Emil nodded, hands still shaking.

"Is there any chance?"

Andrew looked back at Kathleen.

"There's always a chance," he whispered, and she looked back at him, knowing the truth.

He looked back at Emil. "Thank you for everything, Dr. Weiss-for your friendship, your advice." He paused and tapped his empty sleeve. "And for my life."

He let go of Kathleen and stepped forward, taking Emil's hand in his.

The old doctor smiled, shaking his head softly.

"Next year Jerusalem," Emil said in Hebrew.

"What?"

"Oh, just an old promise I always wanted to keep."

Andrew smiled and turned away. "Maybe someday you will."

He walked out of the tent, Kathleen by his side.

"I've got to go back."

She said nothing, watching from the corner of her eye as a fresh casualty was brought into her tent.

"I've got to go too."

He hesitated.

"You know I want you to live, to try to escape, there's still time ..." His voice trailed off; he was ashamed of what he was saying when so many others were standing and dying. But this was his wife. He looked over at her.

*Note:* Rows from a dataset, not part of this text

text \<open>
  A morphism of L_G is an equivalence class of triples (e, u, f), and two triples are equivalent
  exactly when they induce the same right translation rho(e, u, f): the domains Se and Sg agree
  iff e L g, and a right translation of Se is determined by its value at e, so t u = t v on Se
  iff e u = e v.  Hence the assignment r(e, u, f) \<mapsto> rho(e, u, f) is well defined and bijective,
  and identities, composition, inclusions, the cones r^e and the transposes are all computed on
  representatives, where they agree with their counterparts in L_S and R_S by construction.
  The argument for R_G is the mirror image.
\<close>

lemma bij_betw_image_image:
  assumes "\<And>x. x \<in> A \<Longrightarrow> F (g x) = h x"
    and "\<And>x y. x \<in> A \<Longrightarrow> y \<in> A \<Longrightarrow> g x = g y \<longleftrightarrow> h x = h y"
  shows "bij_betw F (g ` A) (h ` A)"
proof (rule bij_betw_imageI)
  show "inj_on F (g ` A)"
    using assms by (auto intro!: inj_onI)
  show "F ` g ` A = h ` A"
    using assms(1) by (simp add: image_image)
qed

section \<open>Idempotents, principal one-sided ideals and Green's relations\<close>

lemma mem_idems_iff: "e \<in> idems \<longleftrightarrow> e * e = e"
  by (simp add: idems_def)

lemma greenL_sym: "greenL a b \<Longrightarrow> greenL b a"
  by (auto simp: greenL_def)

lemma greenR_sym: "greenR a b \<Longrightarrow> greenR b a"
  by (auto simp: greenR_def)

lemma greenL_trans: "greenL a b \<Longrightarrow> greenL b c \<Longrightarrow> greenL a c"
  unfolding greenL_def by (metis mult.assoc)

lemma greenR_trans: "greenR a b \<Longrightarrow> greenR b c \<Longrightarrow> greenR a c"
  unfolding greenR_def by (metis mult.assoc)

lemma greenL_idems_iff:
  assumes "e \<in> idems" "g \<in> idems"
  shows "greenL e g \<longleftrightarrow> e * g = e \<and> g * e = g"
  using assms unfolding greenL_def mem_idems_iff by (metis mult.assoc)

lemma greenR_idems_iff:
  assumes "e \<in> idems" "g \<in> idems"
  shows "greenR e g \<longleftrightarrow> g * e = e \<and> e * g = g"
  using assms unfolding greenR_def mem_idems_iff by (metis mult.assoc)

lemma mem_lideal_iff: "e \<in> idems \<Longrightarrow> x \<in> lideal e \<longleftrightarrow> x * e = x"
  unfolding lideal_def mem_idems_iff by (auto simp: mult.assoc) (metis)

lemma mem_rideal_iff: "e \<in> idems \<Longrightarrow> x \<in> rideal e \<longleftrightarrow> e * x = x"
  unfolding rideal_def mem_idems_iff by (auto simp flip: mult.assoc) (metis)

lemma idem_mem_lideal: "e \<in> idems \<Longrightarrow> e \<in> lideal e"
  by (simp add: mem_lideal_iff mem_idems_iff)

She shook her head. "I have my duty as well," she whispered. "Tanya and Ludmilla will see that our baby is safe."

He looked at her, filled with pain and yet also with a deep pride.

"If I had it to do all over again, even the losing in the end, it would be worth it," Andrew said softly. "It'd be worth it because for at least one moment I had you."

He kissed her gently on the mouth and then backed away, the lingering touch between the two dropping, arms lowering.

He turned and walked into the night.

"I'll wait for you," she whispered, and then went back into the tent.

"That's him right there."

He could barely understand the words; it had been long since he had learned the cattle language of the Rus.

He felt someone grab his shoulder, rolling him over, and the cold touch of steel at his throat.

Muzta Qar Qarth waited for death, but it did not come.